Department of Paediatric Rheumatology, Leiden University Medical Center, Leiden, The Netherlands
Department of Paediatric Rheumatology, Erasmus MC Sophia Children's Hospital, Rotterdam, The Netherlands.
Ann Rheum Dis. 2019 Jan;78(1):51-59. doi: 10.1136/annrheumdis-2018-213902. Epub 2018 Oct 11.
Which is the best strategy to achieve (drug-free) inactive disease in juvenile idiopathic arthritis (JIA)?
In a randomised, single-blinded, study in disease-modifying anti-rheumatic drug (DMARD)-naive patients with JIA, three treatment-strategies were compared: (1) sequential DMARD-monotherapy (sulfasalazine or methotrexate (MTX)), (2) combination therapy MTX + 6 weeks prednisolone and (3) combination therapy MTX +etanercept.

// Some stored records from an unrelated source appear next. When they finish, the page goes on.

text \<open>The shape of \<open>IA\<close> when \<open>H(Y\<^sup>+) = 0\<close>: \<open>f\<close>, \<open>g\<close>, \<open>h\<close> stand for the three entropies of
  \<open>B\<^sub>\<epsilon>\<close>, \<open>a\<close> for \<open>H(X\<^sup>+) = H((XY)\<^sup>+)\<close> and \<open>\<phi>\<close> for \<open>\<epsilon> log \<epsilon>\<close>.\<close>

lemma tendsto_min_ratio:
  fixes f g h \<phi> :: "'a \<Rightarrow> real"
  assumes \<phi>: "(\<phi> \<longlongrightarrow> 0) F" "\<forall>\<^sub>F x in F. \<phi> x < 0"
    and f: "((\<lambda>x. (f x - a) / \<phi> x) \<longlongrightarrow> \<alpha>) F"
    and g: "((\<lambda>x. g x / \<phi> x) \<longlongrightarrow> \<beta>) F"
    and h: "((\<lambda>x. (h x - a) / \<phi> x) \<longlongrightarrow> \<gamma>) F"
    and "0 \<le> a" "\<beta> \<noteq> 0" "a = 0 \<Longrightarrow> \<alpha> \<le> \<beta>"
  shows "((\<lambda>x. (f x + g x - h x) / min (f x) (g x)) \<longlongrightarrow> (\<alpha> + \<beta> - \<gamma>) / \<beta>) F"
proof -
  have \<phi>_ne: "\<forall>\<^sub>F x in F. \<phi> x \<noteq> 0"
    using \<phi>(2) by eventually_elim simp
  have min: "((\<lambda>x. min (f x) (g x) / \<phi> x) \<longlongrightarrow> \<beta>) F"
  proof (cases "a = 0")
    case True
    have "((\<lambda>x. max (f x / \<phi> x) (g x / \<phi> x)) \<longlongrightarrow> max \<alpha> \<beta>) F"
      using f g True by (intro tendsto_max) auto
    moreover have "\<forall>\<^sub>F x in F. max (f x / \<phi> x) (g x / \<phi> x) = min (f x) (g x) / \<phi> x"
      using \<phi>(2) by eventually_elim (auto simp: min_def max_def divide_le_cancel)
    ultimately show ?thesis
      using \<open>a = 0 \<Longrightarrow> \<alpha> \<le> \<beta>\<close> True by (simp add: max_absorb2 tendsto_cong)
  next
    case False
    have "(f \<longlongrightarrow> a) F" "(g \<longlongrightarrow> 0) F"
      using tendsto_of_rate[OF f \<phi>(1) \<phi>_ne] tendsto_of_rate[of g 0, OF _ \<phi>(1) \<phi>_ne] g by auto
    then have "((\<lambda>x. f x - g x) \<longlongrightarrow> a - 0) F"
      by (rule tendsto_diff)
    then have "\<forall>\<^sub>F x in F. g x < f x"
      using False \<open>0 \<le> a\<close> by (auto dest: order_tendstoD(1)[where a=0] elim: eventually_mono)
    then have "\<forall>\<^sub>F x in F. g x / \<phi> x = min (f x) (g x) / \<phi> x"
      by eventually_elim simp
    with g show ?thesis by (simp add: tendsto_cong)
  qed
  have "((\<lambda>x. ((f x - a) / \<phi> x + g x / \<phi> x - (h x - a) / \<phi> x) / (min (f x) (g x) / \<phi> x))
      \<longlongrightarrow> (\<alpha> + \<beta> - \<gamma>) / \<beta>) F"
    using f g h min \<open>\<beta> \<noteq> 0\<close> by (intro tendsto_intros)
  moreover have "\<forall>\<^sub>F x in F. ((f x - a) / \<phi> x + g x / \<phi> x - (h x - a) / \<phi> x) / (min (f x) (g x) / \<phi> x)
      = (f x + g x - h x) / min (f x) (g x)"
    using \<phi>_ne
  proof eventually_elim
    case (elim x)
    then show ?case by (cases "min (f x) (g x) = 0") (simp_all add: field_simps)
  qed
  ultimately show ?thesis by (rule Lim_transform_eventually)
qed

lemma entropy_plus_eq_entropy:
  assumes "finite A" "\<forall>a\<in>A. 0 \<le> p a"
  shows "entropy_plus A p = entropy A p"
  unfolding entropy_plus_def entropy_def using assms
  by (intro arg_cong[where f=uminus] sum.mono_neutral_left) force+

lemma entropy_plus_nonneg:
  assumes "finite A" "\<forall>a\<in>A. 0 \<le> p a" "sum p A = 1"
  shows "0 \<le> entropy_plus A p"
proof -
  have "p a * log 2 (p a) \<le> 0" if "a \<in> A" "0 < p a" for a
  proof -
    have "p a \<le> 1"
      using assms that member_le_sum[of a A p] by auto
    then show ?thesis using that by (simp add: mult_nonneg_nonpos)
  qed
  then show ?thesis
    unfolding entropy_plus_def by (auto intro: sum_nonpos)
qed

lemma entropy_plus_eq_0_imp_card_support:
  assumes fin: "finite A" and nonneg: "\<forall>a\<in>A. 0 \<le> p a" and sum1: "sum p A = 1"
    and "entropy_plus A p = 0"
  shows "card {a\<in>A. 0 < p a} = 1"
proof -
  define S where "S = {a\<in>A. 0 < p a}"
  have "p a \<le> 1" if "a \<in> A" for a
    using assms that member_le_sum[of a A p] by auto
  then have "\<forall>a\<in>S. - (p a * log 2 (p a)) = 0"
    using \<open>entropy_plus A p = 0\<close> fin
    by (subst sum_nonneg_eq_0_iff[symmetric])
      (auto simp: S_def entropy_plus_def sum_negf mult_nonneg_nonpos)
  then have "\<forall>a\<in>S. p a = 1"
    by (auto simp: S_def log_def)
  then have "sum p S = card S"
    by simp
  moreover have "sum p A = sum p S"
    using fin nonneg by (intro sum.mono_neutral_right) (auto simp: S_def)
  ultimately show ?thesis
    using sum1 by (simp add: S_def)
qed

lemma entropy_normalized:
  assumes "finite A" "\<forall>a\<in>A. 0 \<le> w a" "0 < sum w A"
  shows "entropy A (\<lambda>a. w a / sum w A) = log 2 (sum w A) - (\<Sum>a\<in>A. w a * log 2 (w a)) / sum w A"
proof -
  have "entropy A (\<lambda>a. w a / sum w A) =
      - (\<Sum>a\<in>A. w a * log 2 (w a) / sum w A - log 2 (sum w A) * (w a / sum w A))"
    unfolding entropy_def using assms
    by (intro arg_cong[where f=uminus] sum.cong refl) (auto simp: log_divide field_simps)
  also have "\<dots> = log 2 (sum w A) * (sum w A / sum w A) - (\<Sum>a\<in>A. w a * log 2 (w a)) / sum w A"
    by (simp only: sum_subtractf sum_divide_distrib[symmetric] sum_distrib_left[symmetric])
  finally show ?thesis using assms by simp
qed

lemma entropy_perturbation_rate:
  fixes c d :: "'a \<Rightarrow> real"
  assumes fin: "finite A" and c: "\<forall>a\<in>A. 0 \<le> c a" and d: "\<forall>a\<in>A. 0 \<le> d a" and C: "0 < sum c A"
  shows "((\<lambda>e. (entropy A (\<lambda>a. (c a + d a * e) / (\<Sum>b\<in>A. c b + d b * e))
              - entropy_plus A (\<lambda>a. c a / sum c A)) / (e * log 2 e))
         \<longlongrightarrow> - (\<Sum>a\<in>{a\<in>A. c a = 0}. d a) / sum c A) (at_right 0)"
proof -
  define P where "P = {a\<in>A. c a \<noteq> 0}"
  define Z where "Z = {a\<in>A. c a = 0}"
  define W where "W e = (\<Sum>a\<in>A. c a + d a * e)" for e
  define G where "G e = (\<Sum>a\<in>P. (c a + d a * e) * log 2 (c a + d a * e)) + e * (\<Sum>a\<in>Z. d a * log 2 (d a))" for e
  define F where "F e = log 2 (W e) - G e / W e" for e
  have A: "A = P \<union> Z" "P \<inter> Z = {}" "finite P" "finite Z"
    using fin by (auto simp: P_def Z_def)
  have W_pos: "0 < W e" if "0 \<le> e" for e
    unfolding W_def using C c d that by (simp add: sum.distrib add_pos_nonneg sum_nonneg)
  txt \<open>An atom of zero mass contributes \<open>(d e) log (d e) = e (d log d) + d (e log e)\<close>; the
    second summand is the only part of the entropy that is not differentiable at \<open>e = 0\<close>.\<close>
  have "(\<Sum>a\<in>A. (c a + d a * e) * log 2 (c a + d a * e)) = G e + (\<Sum>a\<in>Z. d a) * (e * log 2 e)"
    if "0 \<le> e" for e
  proof -
    have "(c a + d a * e) * log 2 (c a + d a * e) = e * (d a * log 2 (d a)) + d a * (e * log 2 e)"
      if "a \<in> Z" for a
      using that \<open>0 \<le> e\<close> d by (cases "d a = 0 \<or> e = 0") (auto simp: Z_def log_mult algebra_simps)
    then show ?thesis
      using A by (simp add: G_def sum.union_disjoint sum.distrib sum_distrib_left sum_distrib_right)
  qed
  then have entropy_eq: "entropy A (\<lambda>a. (c a + d a * e) / W e) = F e - (\<Sum>a\<in>Z. d a) * (e * log 2 e) / W e"
    if "0 \<le> e" for e
    using entropy_normalized[of A "\<lambda>a. c a + d a * e"] W_pos[OF that] c d that fin
    by (simp add: W_def F_def diff_divide_distrib add_divide_distrib)
  have H0: "entropy_plus A (\<lambda>a. c a / sum c A) = F 0"
    using entropy_eq[of 0] c C fin by (simp add: W_def entropy_plus_eq_entropy)
  have "\<exists>D. (F has_real_derivative D) (at 0)"
    unfolding F_def G_def using W_pos[of 0] c
    by (intro exI) (auto simp: W_def P_def intro!: derivative_eq_intros DERIV_sum add_pos_nonneg)
  then obtain D where "(F has_real_derivative D) (at 0)" by blast
  moreover have "(W \<longlongrightarrow> W 0) (at_right 0)"
    unfolding W_def by (intro tendsto_eq_intros) auto
  ultimately have "((\<lambda>e. (F e - F 0) / (e * log 2 e) - (\<Sum>a\<in>Z. d a) / W e)
      \<longlongrightarrow> 0 - (\<Sum>a\<in>Z. d a) / W 0) (at_right 0)"
    using W_pos[of 0] by (intro tendsto_intros DERIV_diff_div_xlogx_tendsto_0) auto
  moreover have "\<forall>\<^sub>F e in at_right 0. (F e - F 0) / (e * log 2 e) - (\<Sum>a\<in>Z. d a) / W e =
      (entropy A (\<lambda>a. (c a + d a * e) / W e) - entropy_plus A (\<lambda>a. c a / sum c A)) / (e * log 2 e)"
    using eventually_xlogx_neg eventually_at_right_less[of 0]
  proof eventually_elim
    case (elim e)
    then have "e * log 2 e \<noteq> 0" "W e \<noteq> 0" using W_pos[of e] by auto
    then show ?case
      unfolding entropy_eq[OF less_imp_le[OF \<open>0 < e\<close>]] H0 by (simp add: field_simps)
  qed
  ultimately show ?thesis
    by (simp add: W_def Z_def tendsto_cong)
qed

Treatment-to-target entailed 3-monthly DMARD/biological adjustments in case of persistent disease activity, with drug tapering to nil in case of inactive disease.After 24 months, primary outcomes were time-to-inactive-disease and time-to-flare after DMARD discontinuation. Secondary outcomes were adapted ACRPedi30/50/70/90 scores, functional ability and adverse events.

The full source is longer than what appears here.